«Esto se acabó». No puede decirse de forma más taxativa. Es el final de la escapada. Acaba, en lo inmediato, el plan de una investidura ilegal del prófugo. Y, para enseguida, acaba la versión de un procés-2 marcado por la unilateralidad y la ilegalidad. Otra cosa es el sueño indepe conjugado por la vía constitucional, legítimo, pero de futuro mate.
Acaba, porque cuando el prota escribe que está acabado —sobre todo si es un aprendiz de mago—, es que está acabado. Y acaba porque aunque muchos catalanes han prestado oído a tanto disparate, hoy su reacción es multiadversa. De indignación, porque comprueban que Puigdemont y los suyos, al predicar en público el resistencialismo y simultáneamente cuchichearse en privado su feroz derrota, les han engañado a galet, hasta el tuétano.
De vergüenza, pues nunca imaginaron que el prestigio de la institución de autogobierno que tanto anhelaron bajo la dictadura quedaría enlodada hasta el cuello, al encarnarse en discursos orates. De piedad conmiserativa, por la triste suerte que se han labrado los gañanes (políticos) con quienes compartieron guitarras y hogueras de campamento. Esa cosmovisión de minyons escoltes (boy scouts), curas atrevidos y cánticos negro-spirituals y a La Muntanya venerada (Cataluña), que ahora se desploma.

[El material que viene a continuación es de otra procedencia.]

lemma odd_cycle_orthogonal_bound:
  assumes n: "odd n" "3 \<le> n"
    and self: "\<And>a. a \<in> {1..n} \<Longrightarrow> G (w a) (w a) = 4 * G \<psi> (w a)"
    and orth: "\<And>a. a \<in> {1..n} \<Longrightarrow> G (w a) (w (cyc_succ n a)) = 0"
  shows "(\<Sum>a = 1..n. G \<psi> (w a)) \<le> 4 * real n * cos (pi / real n) / (1 + cos (pi / real n)) * G \<psi> \<psi>"
proof -
  define c where "c = cos (pi / real n)"
  define \<kappa> where "\<kappa> = c / (1 + c)"
  \<comment> \<open>The shift turns the cycle form into 4c times the gap in the claimed bound.\<close>
  define s where "s a = w a + scale (- 4 * \<kappa>) \<psi>" for a
  have c: "0 < c" unfolding c_def by (rule cos_pi_div_gt_zero[OF n(2)])
  have G_s: "G (s a) (s b)
      = G (w a) (w b) - 4 * \<kappa> * G \<psi> (w a) - 4 * \<kappa> * G \<psi> (w b) + 16 * \<kappa>\<^sup>2 * G \<psi> \<psi>" for a b
    using sym[of "w a" \<psi>]
    by (simp add: s_def add_left add_right scale_left scale_right power2_eq_square algebra_simps)
  have "(\<Sum>a = 1..n. c * G (s a) (s a) + G (s a) (s (cyc_succ n a)))
      = (\<Sum>a = 1..n. (4 * c - 8 * c * \<kappa> - 4 * \<kappa>) * G \<psi> (w a) - 4 * \<kappa> * G \<psi> (w (cyc_succ n a))
                     + 16 * \<kappa>\<^sup>2 * (1 + c) * G \<psi> \<psi>)"
    by (intro sum.cong refl) (simp add: G_s self orth algebra_simps)
  also have "\<dots> = (4 * c - 8 * c * \<kappa> - 8 * \<kappa>) * (\<Sum>a = 1..n. G \<psi> (w a))
                  + real n * (16 * \<kappa>\<^sup>2 * (1 + c)) * G \<psi> \<psi>"
    using sum_cyc_succ_reindex[of "\<lambda>a. G \<psi> (w a)" n]
    by (simp add: sum.distrib sum_subtractf sum_distrib_left[symmetric] sum_distrib_right[symmetric] algebra_simps)
  also have "\<dots> = - 4 * c * (\<Sum>a = 1..n. G \<psi> (w a)) + real n * (16 * c\<^sup>2 / (1 + c)) * G \<psi> \<psi>"
  proof -
    have \<kappa>: "\<kappa> * (1 + c) = c" using c by (simp add: \<kappa>_def)
    have "4 * c - 8 * c * \<kappa> - 8 * \<kappa> = 4 * c - 8 * (\<kappa> * (1 + c))"
      and "16 * \<kappa>\<^sup>2 * (1 + c) = 16 * (\<kappa> * (1 + c)) * \<kappa>"
      by (simp_all add: algebra_simps power2_eq_square)
    then have diag: "4 * c - 8 * c * \<kappa> - 8 * \<kappa> = - 4 * c"
      and const: "16 * \<kappa>\<^sup>2 * (1 + c) = 16 * c\<^sup>2 / (1 + c)"
      unfolding \<kappa> by (simp_all add: \<kappa>_def power2_eq_square)
    show ?thesis unfolding diag const ..
  qed
  also have "\<dots> = 4 * c * (4 * real n * c / (1 + c) * G \<psi> \<psi> - (\<Sum>a = 1..n. G \<psi> (w a)))"
    by (simp add: algebra_simps power2_eq_square)
  finally have "0 \<le> 4 * c * (4 * real n * c / (1 + c) * G \<psi> \<psi> - (\<Sum>a = 1..n. G \<psi> (w a)))"
    using odd_cycle_form_nonneg[OF n, of s] by (simp add: c_def)
  then show ?thesis using c by (simp add: zero_le_mult_iff c_def)
qed
(* Let $a<b$ be real numbers and let $g:[a,b)\to\mathbb{R}$ be a continuous function that is differentiable on $(a,b)$ and has a (finite) right-hand derivative at the point $a$. For every $x\in(a,b)$ let $\xi(x)$ be the supremum of the numbers $\tau\in(a,x]$ such that $g'(\tau)\cdot(x-a)=g(x)-g(a)$. Then $$\varlimsup_{x\to a}\frac{\xi(x)-a}{x-a}\ \geq\ \frac1e.$$
   Context: Limits at $a$ are right-hand limits. *)

theory Defs
  imports "HOL-Analysis.Analysis"
begin

definition xi_point :: "(real \<Rightarrow> real) \<Rightarrow> real \<Rightarrow> real \<Rightarrow> real" where
  "xi_point g a x = Sup {\<tau> \<in> {a<..x}. deriv g \<tau> * (x - a) = g x - g a}"

end

theory Submission
  imports Defs
begin

text \<open>If the limsup were below 1/e, there would be c < 1/e such that for every x close to a
  no mean-value point lies in [a + c(x - a), x]. Then the secant slope (g x - g a) / (x - a)
  has nonvanishing derivative and is strictly monotone, and so is g minus the secant line over
  [a + c(x - a), x]: every chord of g inside that interval is steeper (in the orientation of the
  secant slope) than the secant over [a, x]. Sampling the secant slopes q k along x k = r^k x 0,
  with r = 1 - 1/n and r^(n+1) > c, gives q (i + n) - r q (i + n + 1) > (1 - r) q i, while q k tends
  to the right derivative at a. No strictly decreasing null sequence satisfies this delayed
  recurrence, because the potential e (i + n) - (1 - r) (e i + ... + e (i + n)) would decrease to 0
  and yet be negative at i = 0. The constant 1/e is the limit of (1 - 1/n)^(n+1).\<close>

lemma DERIV_nonzero_imp_inj_on:
  fixes f :: "real \<Rightarrow> real"
  assumes "convex I"
    and deriv: "\<And>x. x \<in> I \<Longrightarrow> (f has_real_derivative f' x) (at x)"
    and nonzero: "\<And>x. x \<in> I \<Longrightarrow> f' x \<noteq> 0"
  shows "inj_on f I"
proof (rule linorder_inj_onI')
  fix p q assume pq: "p \<in> I" "q \<in> I" "p < q"
  have sub: "{p..q} \<subseteq> I"
    using connected_contains_Icc[OF convex_connected[OF \<open>convex I\<close>] pq(1,2)] .
  show "f p \<noteq> f q"
  proof
    assume "f p = f q"
    moreover have "continuous_on {p..q} f"
      using sub by (intro continuous_at_imp_continuous_on ballI DERIV_isCont[OF deriv]) auto
    moreover have "f differentiable (at x)" if "p < x" "x < q" for x
    proof -
      have "x \<in> I" using that sub by auto
      then show ?thesis using deriv unfolding real_differentiable_def by blast
    qed
    ultimately obtain z where z: "p < z" "z < q" and "DERIV f z :> 0"
      using Rolle[OF \<open>p < q\<close>] by blast
    moreover have "z \<in> I"
      using z sub by auto
    ultimately show False
      using DERIV_unique[OF deriv] nonzero by blast
  qed
qed
definition suitably_connected :: "nat \<Rightarrow> mosaic \<Rightarrow> bool" where
  "suitably_connected n M \<longleftrightarrow>
     (\<forall>i<n. \<forall>j<n.
        (has_conn (M i j) eR \<longleftrightarrow> j + 1 < n \<and> has_conn (M i (j+1)) eL) \<and>
        (has_conn (M i j) eL \<longleftrightarrow> 0 < j \<and> has_conn (M i (j-1)) eR) \<and>
        (has_conn (M i j) eB \<longleftrightarrow> i + 1 < n \<and> has_conn (M (i+1) j) eT) \<and>
        (has_conn (M i j) eT \<longleftrightarrow> 0 < i \<and> has_conn (M (i-1) j) eB))"

text \<open>An oriented segment (i, j, a, b): the strand in tile (i,j) entered through
  edge a and left through edge b.\<close>
type_synonym oseg = "nat \<times> nat \<times> edge \<times> edge"

definition valid_oseg :: "nat \<Rightarrow> mosaic \<Rightarrow> oseg \<Rightarrow> bool" where
  "valid_oseg n M s = (case s of (i, j, a, b) \<Rightarrow>
      i < n \<and> j < n \<and> a \<noteq> b \<and> {a, b} \<in> segs (M i j))"

definition linked :: "oseg \<Rightarrow> oseg \<Rightarrow> bool" where
  "linked s s' = (case s of (i, j, a, b) \<Rightarrow> case s' of (i', j', a', b') \<Rightarrow>
      (case b of
         eR \<Rightarrow> i' = i \<and> j' = j + 1 \<and> a' = eL
       | eL \<Rightarrow> i' = i \<and> j' + 1 = j \<and> a' = eR
       | eB \<Rightarrow> i' = i + 1 \<and> j' = j \<and> a' = eT
       | eT \<Rightarrow> i' + 1 = i \<and> j' = j \<and> a' = eB))"

definition useg :: "oseg \<Rightarrow> nat \<times> nat \<times> edge set" where
  "useg s = (case s of (i, j, a, b) \<Rightarrow> (i, j, {a, b}))"

text \<open>A knot traversal: a single closed oriented curve passing through every strand
  segment of the mosaic exactly once (so the diagram has exactly one component).\<close>
definition knot_traversal :: "nat \<Rightarrow> mosaic \<Rightarrow> oseg list \<Rightarrow> bool" where
  "knot_traversal n M ss \<longleftrightarrow>
     ss \<noteq> [] \<and>
     (\<forall>k < length ss. valid_oseg n M (ss ! k) \<and>
                      linked (ss ! k) (ss ! ((k + 1) mod length ss))) \<and>
     distinct (map useg ss) \<and>
     set (map useg ss) = {(i, j, s). i < n \<and> j < n \<and> s \<in> segs (M i j)}"

definition legendrian_knot_mosaic :: "nat \<Rightarrow> mosaic \<Rightarrow> bool" where
  "legendrian_knot_mosaic n M \<longleftrightarrow> suitably_connected n M \<and> (\<exists>ss. knot_traversal n M ss)"

definition num_cusps :: "nat \<Rightarrow> mosaic \<Rightarrow> nat" where
  "num_cusps n M = card {(i, j, s). i < n \<and> j < n \<and> s \<in> segs (M i j) \<and>
                                   (s = {eT, eL} \<or> s = {eB, eR})}"

text \<open>Sign of the crossing in a T10 tile (i,j) w.r.t. the orientation ss: with the
  over strand vertical and the under strand horizontal, the crossing is positive iff
  (over direction, under direction) is a positively oriented basis, i.e. iff
  (over up and under leftward) or (over down and under rightward).\<close>
definition crossing_positive :: "oseg list \<Rightarrow> nat \<Rightarrow> nat \<Rightarrow> bool" where
  "crossing_positive ss i j \<longleftrightarrow> ((i, j, eB, eT) \<in> set ss \<longleftrightarrow> (i, j, eR, eL) \<in> set ss)"

definition num_pos :: "nat \<Rightarrow> mosaic \<Rightarrow> oseg list \<Rightarrow> nat" where
  "num_pos n M ss = card {(i, j). i < n \<and> j < n \<and> M i j = T10 \<and> crossing_positive ss i j}"

definition num_neg :: "nat \<Rightarrow> mosaic \<Rightarrow> oseg list \<Rightarrow> nat" where
  "num_neg n M ss = card {(i, j). i < n \<and> j < n \<and> M i j = T10 \<and> \<not> crossing_positive ss i j}"

definition front_tb :: "nat \<Rightarrow> mosaic \<Rightarrow> oseg list \<Rightarrow> real" where
  "front_tb n M ss = real (num_pos n M ss) - real (num_neg n M ss) - real (num_cusps n M) / 2"
lemma f_tilde_smooth: "L_smooth L_alpha f_tilde Gt"
proof -
  have "Gt = (\<lambda>x. (1 / real n) *\<^sub>R (\<Sum>i<n. local_grad i x))"
    using Gt_eq by blast
  with f_tilde_smooth_avg show ?thesis
    by simp
qed

lemma f_star_le: "f_star \<le> f_tilde x"
proof -
  have "(\<Sum>i<n. fs i) \<le> (\<Sum>i<n. f i (T i x))"
    using f_lower by (intro sum_mono) auto
  then show ?thesis
    unfolding f_tilde_def f_star_def using n_pos by (simp add: divide_right_mono)
qed

lemma gap_nonneg: "0 \<le> gap x"
  unfolding gap_def using f_star_le by simp

lemma compression_variance_bound:
  "(\<Sum>i<n. om i * (norm (local_grad i x))\<^sup>2) \<le> 2 * L_omega_max * real n * gap x"
proof -
  have "om i * (norm (local_grad i x))\<^sup>2 \<le> 2 * L_omega_max * (f i (T i x) - fs i)" if i: "i < n" for i
  proof -
    have "om i * (norm (local_grad i x))\<^sup>2 = om i * (\<alpha> i)\<^sup>2 * (norm (g i (T i x)))\<^sup>2"
      by (simp add: local_grad_def power_mult_distrib)
    also have "\<dots> \<le> om i * (\<alpha> i)\<^sup>2 * (2 * L i * (f i (T i x) - fs i))"
      using L_smooth_gradient_bound[of "L i" "f i" "g i" "fs i"] smooth f_lower om i
      by (intro mult_left_mono) auto
    also have "\<dots> = 2 * (L i * om i * (\<alpha> i)\<^sup>2) * (f i (T i x) - fs i)"
      by simp
    also have "\<dots> \<le> 2 * L_omega_max * (f i (T i x) - fs i)"
      using L_omega_max_ge[OF i] f_lower i by (intro mult_right_mono) auto
    finally show ?thesis .
  qed
  then have "(\<Sum>i<n. om i * (norm (local_grad i x))\<^sup>2) \<le> (\<Sum>i<n. 2 * L_omega_max * (f i (T i x) - fs i))"
    by (intro sum_mono) auto
  also have "\<dots> = 2 * L_omega_max * real n * gap x"
    unfolding gap_def f_tilde_def f_star_def using n_pos
    by (simp add: sum_distrib_left[symmetric] sum_distrib_right[symmetric] sum_subtractf algebra_simps)
  finally show ?thesis .
qed

definition seeds :: "'a \<Rightarrow> nat \<times> nat \<Rightarrow> 's" where
  "seeds w = (\<lambda>(i, t). \<xi> i t w)"

text \<open>The compressor C_i^t of the paper is Q i t applied to the seed z (i, t).\<close>

definition direction :: "nat \<Rightarrow> 'v \<Rightarrow> (nat \<times> nat \<Rightarrow> 's) \<Rightarrow> 'v" where
  "direction t x z = (1 / real n) *\<^sub>R (\<Sum>i<n. Q i t (z (i, t)) (local_grad i x))"

lemma seeds_apply [simp]: "seeds w (i, t) = \<xi> i t w"
  by (simp add: seeds_def)

abbreviation seed_space :: "(nat \<times> nat) set \<Rightarrow> (nat \<times> nat \<Rightarrow> 's) measure" where
  "seed_space K \<equiv> PiM K (\<lambda>_. S)"

lemma Q_measurable:
  assumes "i < n" "Z \<in> measurable N S" "Y \<in> borel_measurable N"
  shows "(\<lambda>w. Q i t (Z w) (Y w)) \<in> borel_measurable N"
proof -
  have "(\<lambda>(s, x). Q i t s x) \<in> borel_measurable (S \<Otimes>\<^sub>M borel)"
    using Qmeas assms(1) by blast
  from measurable_compose[OF measurable_Pair[OF assms(2,3)] this] show ?thesis
    by simp
qed

lemma compressed_message_moments:
  assumes "i < n"
  shows "integrable M (\<lambda>w. Q i t (\<xi> i t w) y)"
    and "expectation (\<lambda>w. Q i t (\<xi> i t w) y) = y"
    and "integrable M (\<lambda>w. (norm (Q i t (\<xi> i t w) y - y))\<^sup>2)"
    and "(\<integral>w. (norm (Q i t (\<xi> i t w) y - y))\<^sup>2 \<partial>M) \<le> om i * (norm y)\<^sup>2"
  using QB om assms in_B_variance[of M "\<lambda>w. Q i t (\<xi> i t w)" "om i" y] unfolding in_B_def by auto

lemma compressed_messages_indep:
  assumes "i < n" "j < n" "i \<noteq> j"
  shows "indep_var borel (\<lambda>w. Q i t (\<xi> i t w) y) borel (\<lambda>w. Q j t (\<xi> j t w) y')"
proof -
  have "indep_var S (\<xi> i t) S (\<xi> j t)"
    using indep_vars_indep_var[OF indep, of "(i, t)" "(j, t)"] assms by simp
  moreover have "(\<lambda>s. Q k t s z) \<in> borel_measurable S" if "k < n" for k z
    using Q_measurable[OF that measurable_ident_sets[OF refl] measurable_const] by simp
  ultimately show ?thesis
    using indep_var_compose assms unfolding o_def by blast
qed

lemma direction_moments:
  shows "integrable M (\<lambda>w. direction t x (seeds w))"
    and "expectation (\<lambda>w. direction t x (seeds w)) = Gt x"
    and "integrable M (\<lambda>w. (norm (direction t x (seeds w)))\<^sup>2)"
    and "(\<integral>w. (norm (direction t x (seeds w)))\<^sup>2 \<partial>M) \<le> (norm (Gt x))\<^sup>2 + 2 * L_omega_max * gap x / real n"
proof -
  define c where "c i w = Q i t (\<xi> i t w) (local_grad i x)" for i w
  have moments: "integrable M (c i)" "expectation (c i) = local_grad i x"
    "integrable M (\<lambda>w. (norm (c i w - local_grad i x))\<^sup>2)"
    "(\<integral>w. (norm (c i w - local_grad i x))\<^sup>2 \<partial>M) \<le> om i * (norm (local_grad i x))\<^sup>2" if "i < n" for i
    unfolding c_def using compressed_message_moments[OF that] by auto
  have dir: "direction t x (seeds w) = (1 / real n) *\<^sub>R (\<Sum>i<n. c i w)" for w
    by (simp add: direction_def c_def)
  have sum_int: "integrable M (\<lambda>w. (norm (\<Sum>i<n. c i w))\<^sup>2)"
    and sum_eq: "(\<integral>w. (norm (\<Sum>i<n. c i w))\<^sup>2 \<partial>M) = (norm (\<Sum>i<n. local_grad i x))\<^sup>2
                   + (\<Sum>i<n. \<integral>w. (norm (c i w - local_grad i x))\<^sup>2 \<partial>M)"
    using second_moment_sum_indep[of "{..<n}" c] moments compressed_messages_indep
    unfolding c_def by auto
  show "integrable M (\<lambda>w. direction t x (seeds w))"
    unfolding dir using moments by (auto intro!: Bochner_Integration.integrable_sum)
  show "expectation (\<lambda>w. direction t x (seeds w)) = Gt x"
    unfolding dir Gt_eq using moments by (simp add: Bochner_Integration.integral_sum)
  have norm_dir: "(norm (direction t x (seeds w)))\<^sup>2 = (1 / real n)\<^sup>2 * (norm (\<Sum>i<n. c i w))\<^sup>2" for w
    unfolding dir by (simp add: power_divide)
  show "integrable M (\<lambda>w. (norm (direction t x (seeds w)))\<^sup>2)"
    unfolding norm_dir using sum_int by simp
  have "(\<Sum>i<n. \<integral>w. (norm (c i w - local_grad i x))\<^sup>2 \<partial>M) \<le> (\<Sum>i<n. om i * (norm (local_grad i x))\<^sup>2)"
    using moments(4) by (intro sum_mono) auto
  also have "\<dots> \<le> 2 * L_omega_max * real n * gap x"
    by (rule compression_variance_bound)
  finally have "(\<integral>w. (norm (direction t x (seeds w)))\<^sup>2 \<partial>M)
      \<le> (1 / real n)\<^sup>2 * ((norm (\<Sum>i<n. local_grad i x))\<^sup>2 + 2 * L_omega_max * real n * gap x)"
    unfolding norm_dir by (simp add: sum_eq mult_left_mono)
  also have "\<dots> = (norm (Gt x))\<^sup>2 + 2 * L_omega_max * gap x / real n"
    unfolding Gt_eq using n_pos by (simp add: power_mult_distrib power2_eq_square field_simps)
  finally show "(\<integral>w. (norm (direction t x (seeds w)))\<^sup>2 \<partial>M)
      \<le> (norm (Gt x))\<^sup>2 + 2 * L_omega_max * gap x / real n" .
qed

Acaba por la indigna bajeza de atribuir su fracaso a que “los nuestros nos han traicionado”: frase tan wagneriana como vil para Esquerra (cuyo líder sigue entre rejas) y mezquina para el resto. Acaba porque, como enfatizaba Tarradellas, los catalanes tragan mucho, pero nunca el ridículo (cósmico, añadiríamos).
Carles Puigdemont y bastantes de los suyos están pues definitivamente acabados en el espíritu de muchos de sus seguidores. Pero además el procés-2 queda en mantillas. El único programa, el único proyecto, la única estrategia y el único liderazgo que concitaban —a regañadientes—, la coyunda interesada entre los tres partidos secesionistas— era el “retorno” del presunto president presuntamente “legítimo”. Podrán quizá digerir este desastre, pero costará lo indecible, quizás anys i panys: habrá que improvisar programa, proyecto, estrategia y liderazgo. Y en un clima de desconfianzas y odios tribales.
Acaba Puigdemont como Pujol, con una confesión pública de indecencia en su conducta. La suya, la mentira y burla a los ciudadanos, se vislumbró ¿por azar? merced a una cámara. La de Pujol, colateral, la confesión escrita de haber ocultado su deslealtad con sus impuestos. Tanto monta. Luego vendrá otro vía crucis. Algún día próximo la judicatura inhabilitará a los que procese. Algún día los condenará a lo que sea. Y algún día, restablecida Cataluña, serán, ojalá, rescatados por la generosidad democrática para la vida civil. Pero no los prófugos que se han burlado hasta de sus más fieles y crédulos seguidores.